Para relawan dan influencer seperti Ferry memahami aturan main baru ini dengan sangat baik. Mereka tahu bahwa untuk membuktikan komitmen, konten harus menarik dan menyentuh hati. Setiap langkah didokumentasikan, setiap penyaluran bantuan disiarkan langsung. Transparansi bukan lagi sekadar laporan audit, melainkan tontonan real-time yang bisa diakses siapa saja.
Bahaya Panggung Pencitraan
Namun, ada bahaya laten jika kegelisahan ini tidak dikelola dengan bijak. Desakan agar pemerintah lebih ‘terlihat’ bisa menjerumuskan penanganan bencana ke dalam kompetisi citra semata. Bencana alam adalah tragedi kemanusiaan, bukan panggung branding. Ketika elite politik mulai membaca penanggulangan bencana sebagai arena kompetisi legitimasi, fokus utama bisa terpecah.

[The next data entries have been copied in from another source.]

theorem theorem1:
  fixes K :: nat
    and G :: "nat \<Rightarrow> pt set"
    and lam :: "nat \<Rightarrow> pt \<Rightarrow> real"
    and Tris :: "tri set"
    and Sub :: "tri \<Rightarrow> tri set"
    and M C :: "pt set"
  assumes "\<forall>k\<le>K. finite (G k) \<and> (\<forall>g\<in>G k. on_lattice (cellw K k) g)"
    and "finite Tris"
    and "\<forall>T\<in>Tris. nondegenerate T"
    and "M = (\<Union>T\<in>Tris. triangle T)"
    and "\<forall>T\<in>Tris. finite (Sub T) \<and> (\<Union>S\<in>Sub T. triangle S) = triangle T \<and>
           (\<forall>S\<in>Sub T. nondegenerate S \<and> (\<exists>a. triangle S \<subseteq> cell0 K a))"
    and "C = (\<Union>T\<in>Tris. \<Union>S\<in>Sub T. candidates (spline K G lam) S)"
  shows "\<forall>v\<in>M. (INF c\<in>C. spline K G lam c) \<le> spline K G lam v \<and>
                spline K G lam v \<le> (SUP c\<in>C. spline K G lam c)"
proof
  fix v assume "v \<in> M"
  then obtain T S a where TS: "T \<in> Tris" "S \<in> Sub T" "v \<in> triangle S"
    and cell: "triangle S \<subseteq> cell0 K a"
    using assms(4,5) by blast
  obtain F where F: "\<And>x. F differentiable (at x)"
    and eq: "\<And>x. x \<in> cell0 K a \<Longrightarrow> spline K G lam x = F x"
    using spline_eq_differentiable_on_cell0 assms(1) by metis
  obtain c c' where "c \<in> candidates (spline K G lam) S" "spline K G lam c \<le> spline K G lam v"
    and "c' \<in> candidates (spline K G lam) S" "spline K G lam v \<le> spline K G lam c'"
    using candidates_bound_on_triangle[OF F _ TS(3)] eq cell by blast
  moreover have "candidates (spline K G lam) S \<subseteq> C"
    using assms(6) TS by blast
  ultimately show "(INF c\<in>C. spline K G lam c) \<le> spline K G lam v \<and>
                spline K G lam v \<le> (SUP c\<in>C. spline K G lam c)"
    using cINF_lower[OF bdd_spline_image(2)] cSUP_upper[OF _ bdd_spline_image(1)]
    by (meson order.trans subsetD)
qed

end
(* Let $V_{th_1}>0$ (the first-level firing threshold) and $a>0$ (the width of the rectangular surrogate derivative, whose gradient-available interval is $[V_{th_1}-a/2,\,V_{th_1}+a/2]$). Let the value $x$ of a feature map entry normalized by tdBN satisfy $x \sim N(0,(V_{th_1})^2)$. Let $P$ and $P^*$ be the probabilities that a spike (of value $1$) arriving from the shortcut connection leads to a dormant unit in spiking ResNet and spiking DS-ResNet respectively, and let $I$ and $I^*$ be the identity-mapping abilities of spiking ResNet and spiking DS-ResNet respectively (all as defined in the context). Then $P^* < P$ and $I^* > I$.
   Context: Setting (single-level firing, $K=1$): a spiking neuron fires when its membrane potential reaches the threshold $V_{th_1}$; its spike derivative is approximated by $h(u)=\frac{1}{a}\mathbf{1}\{|u-V_{th_1}|<a/2\}$. A "dormant unit" is a neuron whose membrane potential lies to the right of the gradient-available interval, i.e. exceeds $V_{th_1}+a/2$, so that its surrogate derivative is zero. The residual-branch feature map value $x$ and the shortcut spike are treated as independent, and residual membrane potential from earlier timesteps is ignored. In spiking ResNet the activation is applied after adding the shortcut spike to the residual branch, so the pre-activation value is $1+x$ when a shortcut spike is present; in spiking DS-ResNet the activation is applied to the residual branch before the addition, so the pre-activation value is $x$. Accordingly, $P=\Pr(1+x>V_{th_1}+a/2)$ and $P^*=\Pr(x>V_{th_1}+a/2)$. Identity-mapping ability is measured as the probability that the block's output reflects whether a shortcut spike is present: for spiking ResNet the output (spike iff $\text{shortcut}+x\ge V_{th_1}$) depends on the shortcut spike exactly when $V_{th_1}-1<x<V_{th_1}$, so $I=\Pr(V_{th_1}-1<x<V_{th_1})$; for spiking DS-ResNet the shortcut spike is added directly to the output, so every input spike is mapped to the output and $I^*=1$. *)

theory Defs
  imports "HOL-Probability.Probability"
begin

definition P_resnet :: "'s measure \<Rightarrow> ('s \<Rightarrow> real) \<Rightarrow> real \<Rightarrow> real \<Rightarrow> real" where
  "P_resnet M X Vth a = measure M {w \<in> space M. 1 + X w > Vth + a / 2}"

definition P_dsresnet :: "'s measure \<Rightarrow> ('s \<Rightarrow> real) \<Rightarrow> real \<Rightarrow> real \<Rightarrow> real" where
  "P_dsresnet M X Vth a = measure M {w \<in> space M. X w > Vth + a / 2}"

definition I_resnet :: "'s measure \<Rightarrow> ('s \<Rightarrow> real) \<Rightarrow> real \<Rightarrow> real" where
  "I_resnet M X Vth = measure M {w \<in> space M. Vth - 1 < X w \<and> X w < Vth}"

text \<open>Identity-mapping ability of spiking DS-ResNet: every input spike is mapped, so 1.\<close>
definition I_dsresnet :: real where
  "I_dsresnet = 1"

end

theory Submission
  imports Defs
begin

text \<open>Both inequalities hold for any real random variable whose density is positive everywhere,
  as the normal density is: such a variable hits every Borel set of positive Lebesgue measure
  with positive probability.  The gap between P and P* is the probability of the interval
  (Vth + a/2 - 1, Vth + a/2], and I < 1 because the event Vth - 1 < x < Vth misses
  the interval [Vth, Vth + 1].\<close>

context prob_space
begin

lemma prob_pos_if_density_pos:
  fixes X :: "'a \<Rightarrow> real"
  assumes X: "distributed M lborel X f" and f_pos: "\<And>x. f x > 0"
    and A: "A \<in> sets borel" "emeasure lborel A > 0"
  shows "\<P>(w in M. X w \<in> A) > 0"
proof -
  have f: "f \<in> borel_measurable lborel"
    using X by (rule distributed_borel_measurable)
  have "A \<notin> null_sets (density lborel f)"
  proof
    assume "A \<in> null_sets (density lborel f)"
    then have "AE x in lborel. x \<in> A \<longrightarrow> f x = 0"
      using f by (simp add: null_sets_density_iff)
    then have "AE x in lborel. x \<notin> A"
      using f_pos by (auto elim: AE_mp simp: order.strict_iff_not)
    then have "A \<in> null_sets lborel"
      using A AE_iff_null_sets[of A lborel] by simp
    then show False
      using A by auto
  qed
  then have "emeasure M (X -` A \<inter> space M) \<noteq> 0"
    using X A distributed_measurable[OF X]
    by (simp add: distributed_distr_eq_density[symmetric] emeasure_distr null_sets_def)
  moreover have "X -` A \<inter> space M = {w \<in> space M. X w \<in> A}"
    by auto
  ultimately show ?thesis
    by (simp add: emeasure_eq_measure zero_less_measure_iff)
qed

lemma prob_greater_strict_antimono:
  fixes X :: "'a \<Rightarrow> real"
  assumes X: "distributed M lborel X f" and f_pos: "\<And>x. f x > 0" and "b < c"
  shows "\<P>(w in M. X w > c) < \<P>(w in M. X w > b)"
proof -
  have X_meas: "X \<in> borel_measurable M"
    using distributed_measurable[OF X] by simp
  have "\<P>(w in M. X w \<in> {b<..c}) > 0"
    using \<open>b < c\<close> by (intro prob_pos_if_density_pos[OF X f_pos]) auto
  moreover have "\<P>(w in M. X w > b) = \<P>(w in M. X w > c) + \<P>(w in M. X w \<in> {b<..c})"
    using \<open>b < c\<close> X_meas
    by (subst finite_measure_Union[symmetric]) (auto intro!: arg_cong[where f = prob])
  ultimately show ?thesis
    by simp
qed

lemma prob_less_one_if_density_pos:
  fixes X :: "'a \<Rightarrow> real"
  assumes X: "distributed M lborel X f" and f_pos: "\<And>x. f x > 0"
    and A: "A \<in> sets borel" "emeasure lborel (- A) > 0"
  shows "\<P>(w in M. X w \<in> A) < 1"
proof -
  have X_meas: "X \<in> borel_measurable M"
    using distributed_measurable[OF X] by simp
  have "\<P>(w in M. X w \<in> - A) > 0"
    using A by (intro prob_pos_if_density_pos[OF X f_pos]) auto
  moreover have "\<P>(w in M. X w \<in> - A) = 1 - \<P>(w in M. X w \<in> A)"
    using X_meas A by (simp add: prob_neg)
  ultimately show ?thesis
    by simp
qed

end

theorem theorem1:
  fixes M :: "'s measure" and X :: "'s \<Rightarrow> real" and Vth a :: real
  assumes "prob_space M"
    and "Vth > 0" and "a > 0"
    and "distributed M lborel X (normal_density 0 Vth)"
  shows "P_dsresnet M X Vth a < P_resnet M X Vth a \<and> I_dsresnet > I_resnet M X Vth"
proof -
  interpret prob_space M by fact
  note X = \<open>distributed M lborel X (normal_density 0 Vth)\<close>
  have density_pos: "\<And>x. ennreal (normal_density 0 Vth x) > 0"
    using normal_density_pos[OF \<open>Vth > 0\<close>] by simp
  have "\<P>(w in M. X w > Vth + a / 2) < \<P>(w in M. X w > Vth + a / 2 - 1)"
    using X density_pos by (rule prob_greater_strict_antimono) simp
  then have "P_dsresnet M X Vth a < P_resnet M X Vth a"
    by (simp add: P_dsresnet_def P_resnet_def algebra_simps)
  moreover have "\<P>(w in M. X w \<in> {Vth - 1<..<Vth}) < 1"
  proof (rule prob_less_one_if_density_pos[OF X density_pos])
    have "0 < emeasure lborel {Vth..Vth + 1}"
      by simp
    also have "\<dots> \<le> emeasure lborel (- {Vth - 1<..<Vth})"
      by (intro emeasure_mono) auto
    finally show "emeasure lborel (- {Vth - 1<..<Vth}) > 0" .
  qed simp
  then have "I_dsresnet > I_resnet M X Vth"
    by (simp add: I_dsresnet_def I_resnet_def)
  ultimately show ?thesis ..
qed

end
(* Both inclusions come from one padding construction: pad M m r A starts by either running M
   or halting at once in one of m extra leaves, and lets every rejecting leaf of M branch into
   r leaves, so it has acc M + r * rej M + m computation paths. Accepting everywhere with m = k - 1
   and r = 1 turns tot M into acc = tot M + k; with m = 1 and r = k the total count minus one is
   acc M + k * rej M, which is acc M modulo k. *)

section \<open>Paths from an arbitrary configuration\<close>

definition paths_from :: "ntm \<Rightarrow> config \<Rightarrow> config list set" where
  "paths_from M c = {cs. cs \<noteq> [] \<and> hd cs = c
     \<and> (\<forall>i. Suc i < length cs \<longrightarrow> step M (cs ! i) (cs ! Suc i)) \<and> halted M (last cs)}"

lemma paths_eq_paths_from_init: "paths M x = paths_from M (init M x)"
  by (simp add: paths_def paths_from_def is_path_def)

lemma paths_from_halted:
  assumes "halted M c"
  shows "paths_from M c = {[c]}"
proof (intro set_eqI iffI)
  fix cs assume cs: "cs \<in> paths_from M c"
  then obtain rest where cs_eq: "cs = c # rest"
    unfolding paths_from_def by (cases cs) auto
  have "rest = []"
  proof (rule ccontr)
    assume "rest \<noteq> []"
    then have "step M (cs ! 0) (cs ! 1)"
      using cs cs_eq unfolding paths_from_def by auto
    with assms cs_eq show False
      unfolding halted_def by (metis nth_Cons_0)
  qed
  with cs_eq show "cs \<in> {[c]}" by simp
qed (use assms in \<open>auto simp: paths_from_def\<close>)

lemma sum_card_paths_from_halted:
  assumes "\<And>c. c \<in> S \<Longrightarrow> halted M c"
  shows "(\<Sum>c \<in> S. card (paths_from M c)) = card S"
  using assms by (simp add: paths_from_halted cong: sum.cong)

lemma paths_from_step:
  assumes "\<not> halted M c"
  shows "paths_from M c = (\<Union>c' \<in> {c'. step M c c'}. (#) c ` paths_from M c')"
proof (intro set_eqI iffI)
  fix cs assume cs: "cs \<in> paths_from M c"
  then obtain rest where cs_eq: "cs = c # rest"
    unfolding paths_from_def by (cases cs) auto
  have rest_ne: "rest \<noteq> []"
    using assms cs cs_eq unfolding paths_from_def by auto
  have steps: "\<And>i. Suc i < length cs \<Longrightarrow> step M (cs ! i) (cs ! Suc i)"
    using cs unfolding paths_from_def by blast
  have "step M c (hd rest)"
    using steps[of 0] cs_eq rest_ne by (simp add: hd_conv_nth)
  moreover have "rest \<in> paths_from M (hd rest)"
    using cs cs_eq rest_ne steps[of "Suc _"] unfolding paths_from_def by auto
  ultimately show "cs \<in> (\<Union>c' \<in> {c'. step M c c'}. (#) c ` paths_from M c')"
    using cs_eq by blast
next
  fix cs assume "cs \<in> (\<Union>c' \<in> {c'. step M c c'}. (#) c ` paths_from M c')"
  then obtain c' rest where st: "step M c c'" and rest: "rest \<in> paths_from M c'"
    and cs_eq: "cs = c # rest" by auto
  have "rest \<noteq> []" "hd rest = c'"
    using rest unfolding paths_from_def by auto
  then have "step M (cs ! i) (cs ! Suc i)" if "Suc i < length cs" for i
    using that st rest cs_eq unfolding paths_from_def by (cases i) (auto simp: hd_conv_nth)
  then show "cs \<in> paths_from M c"
    using rest cs_eq \<open>rest \<noteq> []\<close> unfolding paths_from_def by auto
qed

lemma finite_successors:
  assumes "finite (delta M)"
  shows "finite {c'. step M c c'}"
proof -
  obtain q h t where c: "c = (q, h, t)" by (cases c)
  have "{c'. step M c c'} \<subseteq> (\<lambda>(_, _, q', b, d). (q', h + d, t(h := b))) ` delta M"
    unfolding c step_def by force
  then show ?thesis
    using assms finite_subset by blast
qed

lemma sum_paths_from_step:
  assumes "\<not> halted M c" and "finite {c'. step M c c'}"
    and "\<And>c'. step M c c' \<Longrightarrow> finite (paths_from M c')"
  shows "finite (paths_from M c)"
    and "(\<Sum>cs \<in> paths_from M c. f (last cs))
           = (\<Sum>c' | step M c c'. \<Sum>cs \<in> paths_from M c'. f (last cs))"
proof -
  show "finite (paths_from M c)"
    using assms by (simp add: paths_from_step)
  have "(\<Sum>cs \<in> paths_from M c. f (last cs))
          = (\<Sum>c' | step M c c'. \<Sum>cs \<in> (#) c ` paths_from M c'. f (last cs))"
    unfolding paths_from_step[OF assms(1)] using assms(2,3)
    by (intro sum.UNION_disjoint) (auto simp: paths_from_def)
  also have "\<dots> = (\<Sum>c' | step M c c'. \<Sum>cs \<in> paths_from M c'. f (last cs))"
    by (intro sum.cong refl sum.reindex_cong[where l = "(#) c"]) (auto simp: paths_from_def)
  finally show "(\<Sum>cs \<in> paths_from M c. f (last cs))
           = (\<Sum>c' | step M c c'. \<Sum>cs \<in> paths_from M c'. f (last cs))" .
qed

lemma card_paths_from_step:
  assumes "\<not> halted M c" and "finite {c'. step M c c'}"
    and "\<And>c'. step M c c' \<Longrightarrow> finite (paths_from M c')"
  shows "card (paths_from M c) = (\<Sum>c' | step M c c'. card (paths_from M c'))"
  using sum_paths_from_step(2)[OF assms, where f = "\<lambda>_. 1 :: nat"] by simp

section \<open>Computations of bounded length\<close>

definition steps_bounded :: "ntm \<Rightarrow> nat \<Rightarrow> config \<Rightarrow> bool" where
  "steps_bounded M N c \<longleftrightarrow> (\<forall>n c'. (step M ^^ n) c c' \<longrightarrow> n \<le> N)"

lemma steps_bounded_Suc_iff:
  "steps_bounded M (Suc N) c \<longleftrightarrow> (\<forall>c'. step M c c' \<longrightarrow> steps_bounded M N c')"
proof (intro iffI allI impI)
  fix c' assume "steps_bounded M (Suc N) c" and "step M c c'"
  then show "steps_bounded M N c'"
    unfolding steps_bounded_def by (metis Suc_le_mono relpowp_Suc_I2)
next
  assume succ: "\<forall>c'. step M c c' \<longrightarrow> steps_bounded M N c'"
  show "steps_bounded M (Suc N) c"
    unfolding steps_bounded_def
  proof (intro allI impI)
    fix n c'' assume steps: "(step M ^^ n) c c''"
    show "n \<le> Suc N"
    proof (cases n)
      case (Suc n')
      with steps obtain c' where "step M c c'" and "(step M ^^ n') c' c''"
        using relpowp_Suc_D2 by metis
      then have "n' \<le> N"
        using succ unfolding steps_bounded_def by blast
      with Suc show ?thesis by simp
    qed simp
  qed
qed

lemma steps_bounded_SucD: "steps_bounded M (Suc N) c \<Longrightarrow> step M c c' \<Longrightarrow> steps_bounded M N c'"
  using steps_bounded_Suc_iff by blast

lemma steps_bounded_0_iff: "steps_bounded M 0 c \<longleftrightarrow> halted M c"
proof
  assume "steps_bounded M 0 c"
  then show "halted M c"
    unfolding steps_bounded_def halted_def by (metis relpowp_1 not_one_le_zero)
next
  assume "halted M c"
  then show "steps_bounded M 0 c"
    unfolding steps_bounded_def halted_def by (metis le_zero_eq not0_implies_Suc relpowp_Suc_D2)
qed

lemma steps_bounded_mono: "steps_bounded M N c \<Longrightarrow> N \<le> N' \<Longrightarrow> steps_bounded M N' c"
  unfolding steps_bounded_def by (meson order_trans)

lemma nptm_iff_steps_bounded:
  "nptm M \<longleftrightarrow> finite (delta M) \<and> (\<forall>(q, a, q', b, d) \<in> delta M. d \<in> {-1, 0, 1})
     \<and> (\<exists>e. \<forall>x. steps_bounded M (e * length x ^ e + e) (init M x))"
  unfolding nptm_def steps_bounded_def by blast

lemma steps_bounded_induct [consumes 1, case_names step]:
  assumes "steps_bounded M N c"
    and "\<And>N c. steps_bounded M N c \<Longrightarrow> (\<And>c'. step M c c' \<Longrightarrow> P c') \<Longrightarrow> P c"
  shows "P c"
  using assms(1)
proof (induction N arbitrary: c)
  case 0
  show ?case
  proof (rule assms(2)[OF 0])
    fix c' assume "step M c c'"
    with 0 show "P c'"
      unfolding steps_bounded_0_iff halted_def by blast
  qed
next
  case (Suc N)
  show ?case
  proof (rule assms(2)[OF Suc.prems])
    fix c' assume "step M c c'"
    with Suc show "P c'"
      unfolding steps_bounded_Suc_iff by blast
  qed
qed

lemma finite_paths_from:
  assumes "finite (delta M)" and "steps_bounded M N c"
  shows "finite (paths_from M c)"
  using assms(2)
proof (induction rule: steps_bounded_induct)
  case (step N c)
  show ?case
  proof (cases "halted M c")
    case False
    then show ?thesis
      using sum_paths_from_step(1) finite_successors assms(1) step.IH by blast
  qed (simp add: paths_from_halted)
qed

lemma paths_from_nonempty:
  assumes "steps_bounded M N c"
  shows "paths_from M c \<noteq> {}"
  using assms
proof (induction rule: steps_bounded_induct)
  case (step N c)
  show ?case
  proof (cases "halted M c")
    case False
    then obtain c' where "step M c c'"
      unfolding halted_def by blast
    moreover from this obtain cs where "cs \<in> paths_from M c'"
      using step.IH by blast
    ultimately have "c # cs \<in> paths_from M c"
      unfolding paths_from_step[OF False] by blast
    then show ?thesis by blast
  qed (simp add: paths_from_halted)
qed

section \<open>The padding construction\<close>

definition states :: "ntm \<Rightarrow> nat set" where
  "states M = insert (start M)
     ((\<lambda>(q, a, q', b, d). q) ` delta M \<union> (\<lambda>(q, a, q', b, d). q') ` delta M)"

definition symbols :: "ntm \<Rightarrow> nat set" where
  "symbols M = {0, 1, 2} \<union> (\<lambda>(q, a, q', b, d). a) ` delta M \<union> (\<lambda>(q, a, q', b, d). b) ` delta M"

definition fresh_state :: "ntm \<Rightarrow> nat" where
  "fresh_state M = Suc (Max (states M))"
lemma weyl_mult_poly_to_weyl_mult:
  "weyl_mult (poly_to_weyl (P * Q)) X = weyl_mult (poly_to_weyl P) (weyl_mult (poly_to_weyl Q) X)"
  by (simp add: weyl_mult_assoc_poly poly_to_weyl_mult)

lemma keys_weyl_mult_single_poly_D:
  "keys (weyl_mult (single (a, \<gamma>) s) (poly_D f \<delta>)) \<subseteq>
     {(a + c - k, \<gamma> + \<delta> - k) | c k. c \<in> keys f \<and> k \<in> contractions \<gamma> c}"
  using keys_weyl_mult[of "single (a, \<gamma>) s" "poly_D f \<delta>"]
  unfolding keys_poly_D by (auto split: if_splits) blast

lemma keys_weyl_mult_single_poly_D_diff:
  "keys (weyl_mult (single (a, \<gamma>) s) (poly_D f \<delta>)
      - weyl_mult (poly_to_weyl f) (single (a, \<gamma> + \<delta>) s))
     \<subseteq> {(a + c - k, \<gamma> + \<delta> - k) | c k. c \<in> keys f \<and> k \<in> contractions \<gamma> c \<and> k \<noteq> 0}"
proof -
  let ?term = "\<lambda>c k. single (a + c - k, \<gamma> + \<delta> - k) (s * lookup f c * contraction_coeff \<gamma> c k)"
  have "weyl_mult (single (a, \<gamma>) s) (poly_D f \<delta>) = (\<Sum>c\<in>keys f. \<Sum>k\<in>contractions \<gamma> c. ?term c k)"
    unfolding poly_D_eq_sum_single weyl_mult_sum_right weyl_mult_single_single ..
  also have "\<dots> = weyl_mult (poly_to_weyl f) (single (a, \<gamma> + \<delta>) s)
      + (\<Sum>c\<in>keys f. \<Sum>k\<in>contractions \<gamma> c - {0}. ?term c k)"
    by (simp add: weyl_mult_poly_single sum.remove[OF finite_contractions zero_in_contractions]
        sum.distrib add.commute mult.commute)
  finally show ?thesis
    by (auto dest!: keys_sum[THEN subsetD] split: if_splits) blast
qed

lemma in_Wn_weyl_mult:
  assumes "in_Wn n p" "in_Wn n q"
  shows "in_Wn n (weyl_mult p q)"
  unfolding in_Wn_def
proof (clarify)
  have keys_diff_add: "keys (u + v - k) \<subseteq> keys u \<union> keys v" for u v k :: monom
    by (meson keys_add keys_monom_diff order_trans)
  fix x y assume "(x, y) \<in> keys (weyl_mult p q)"
  from keys_weyl_mult[THEN subsetD, OF this]
  obtain a b c e k where ab: "(a, b) \<in> keys p" and ce: "(c, e) \<in> keys q"
    and xy: "x = a + c - k" "y = b + e - k"
    by auto
  have "keys a \<subseteq> {1..n}" "keys b \<subseteq> {1..n}" "keys c \<subseteq> {1..n}" "keys e \<subseteq> {1..n}"
    using assms ab ce unfolding in_Wn_def by auto
  then show "keys x \<subseteq> {1..n} \<and> keys y \<subseteq> {1..n}"
    unfolding xy using keys_diff_add by (meson le_sup_iff order_trans)
qed

lemma in_Wn_poly_to_weyl: "is_poly_n n P \<Longrightarrow> in_Wn n (poly_to_weyl P)"
  by (auto simp: in_Wn_def is_poly_n_def poly_to_weyl_def keys_poly_D)

lemma in_Wn_single: "keys a \<subseteq> {1..n} \<Longrightarrow> keys b \<subseteq> {1..n} \<Longrightarrow> in_Wn n (single (a, b) s)"
  by (simp add: in_Wn_def)

section \<open>The spaces Hcal and left ideals\<close>

lemma sum_closed:
  assumes "0 \<in> A" "\<And>x y. x \<in> A \<Longrightarrow> y \<in> A \<Longrightarrow> x + y \<in> A" "\<And>i. i \<in> I \<Longrightarrow> f i \<in> A"
  shows "sum f I \<in> A"
  using assms(3) by (induction I rule: infinite_finite_induct) (simp_all add: assms(1,2))

definition Hmonomials :: "nat \<Rightarrow> nat set \<Rightarrow> (nat \<Rightarrow> nat) \<Rightarrow> nat \<Rightarrow> int \<Rightarrow> (monom \<times> monom) set" where
  "Hmonomials n S r d rr = {(a, b). keys a \<subseteq> {1..n} \<and> mdeg a \<le> d \<and> keys b \<subseteq> S \<and>
      (int (mdeg b) \<le> rr \<or> (\<forall>j\<in>S. lookup b j < r j))}"

lemma Hcal_iff_keys: "h \<in> Hcal n S r d rr \<longleftrightarrow> keys h \<subseteq> Hmonomials n S r d rr"
  by (auto simp: Hcal_def Hmonomials_def)

lemma Hmonomials_mono: "d \<le> d' \<Longrightarrow> rr \<le> rr' \<Longrightarrow> Hmonomials n S r d rr \<subseteq> Hmonomials n S r d' rr'"
  by (auto simp: Hmonomials_def)

lemma Hcal_mono: "d \<le> d' \<Longrightarrow> rr \<le> rr' \<Longrightarrow> Hcal n S r d rr \<subseteq> Hcal n S r d' rr'"
  using Hmonomials_mono by (fastforce simp: Hcal_iff_keys)

lemma Hcal_add: "h \<in> Hcal n S r d rr \<Longrightarrow> h' \<in> Hcal n S r d rr \<Longrightarrow> h + h' \<in> Hcal n S r d rr"
  using keys_add by (fastforce simp: Hcal_iff_keys)

lemma Hcal_diff: "h \<in> Hcal n S r d rr \<Longrightarrow> h' \<in> Hcal n S r d rr \<Longrightarrow> h - h' \<in> Hcal n S r d rr"
  using keys_diff by (fastforce simp: Hcal_iff_keys)

lemma Hcal_zero: "0 \<in> Hcal n S r d rr"
  by (simp add: Hcal_iff_keys)

lemma Hcal_sum: "(\<And>i. i \<in> I \<Longrightarrow> f i \<in> Hcal n S r d rr) \<Longrightarrow> sum f I \<in> Hcal n S r d rr"
  by (rule sum_closed[OF Hcal_zero Hcal_add])

lemma single_in_Hcal: "x \<in> Hmonomials n S r d rr \<Longrightarrow> single x s \<in> Hcal n S r d rr"
  by (simp add: Hcal_iff_keys)

lemma diff_in_Hmonomials:
  assumes "keys a \<subseteq> {1..n}" "mdeg a \<le> t" "keys c \<subseteq> {1..n}" "mdeg c \<le> D"
    and "keys b \<subseteq> S" "int (mdeg b) \<le> rr"
  shows "(a + c - k, b) \<in> Hmonomials n S r (t + D) rr"
proof -
  have "keys (a + c - k) \<subseteq> {1..n}"
    using assms(1,3) keys_monom_diff[of "a + c" k] keys_add[of a c] by blast
  moreover have "mdeg (a + c - k) \<le> t + D"
    using assms(2,4) mdeg_mono[of "a + c - k" "a + c"] by (simp add: lookup_minus mdeg_add)
  ultimately show ?thesis
    using assms(5,6) by (simp add: Hmonomials_def)
qed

Energi yang seharusnya dicurahkan untuk memikirkan logistik dan pemulihan korban, bisa saja tersedot untuk memikirkan angle kamera dan strategi viral. Jangan sampai korban bencana, yang sedang berada di titik ternadir hidupnya, hanya dijadikan latar belakang demi konten institusi.
Membangun Kolaborasi, Bukan Kompetisi
Pada akhirnya, kita perlu merenung kembali. Jika pemerintah memiliki sumber daya triliunan, mengapa mereka butuh validasi viral? Apakah bantuan yang tidak terekspos kamera menjadi tidak sah nilainya? Sebaliknya, jika relawan bisa begitu responsif dan transparan, mengapa birokrasi negara tidak bisa mengadopsi kelincahan serupa? Ini bukan soal siapa yang paling hebat, melainkan soal mentalitas pelayanan.
Bencana Sumatera menyisakan duka mendalam bagi ratusan ribu saudara kita. Dalam situasi seberat itu, korban tidak peduli siapa yang paling viral di Jakarta. Mereka hanya peduli siapa yang paling cepat memberikan selimut, makanan, dan kepastian tempat tinggal.
Solusi yang Berkelanjutan
Solusinya bukanlah pemerintah yang cemburu pada relawan. Solusinya adalah kolaborasi. Biarkan civil society mengisi celah kecepatan dan empati personal yang sulit dijangkau birokrasi. Sementara itu, biarkan negara fokus pada infrastruktur masif dan pemulihan jangka panjang yang tidak sanggup ditanggung oleh donasi publik.
Negara tidak perlu menjadi influencer untuk dicintai rakyatnya. Negara hanya perlu hadir secara nyata, tulus, dan berdampak. Percayalah, tanpa perlu viral pun, rakyat punya mata batin untuk merasakan siapa yang benar-benar bekerja untuk mereka.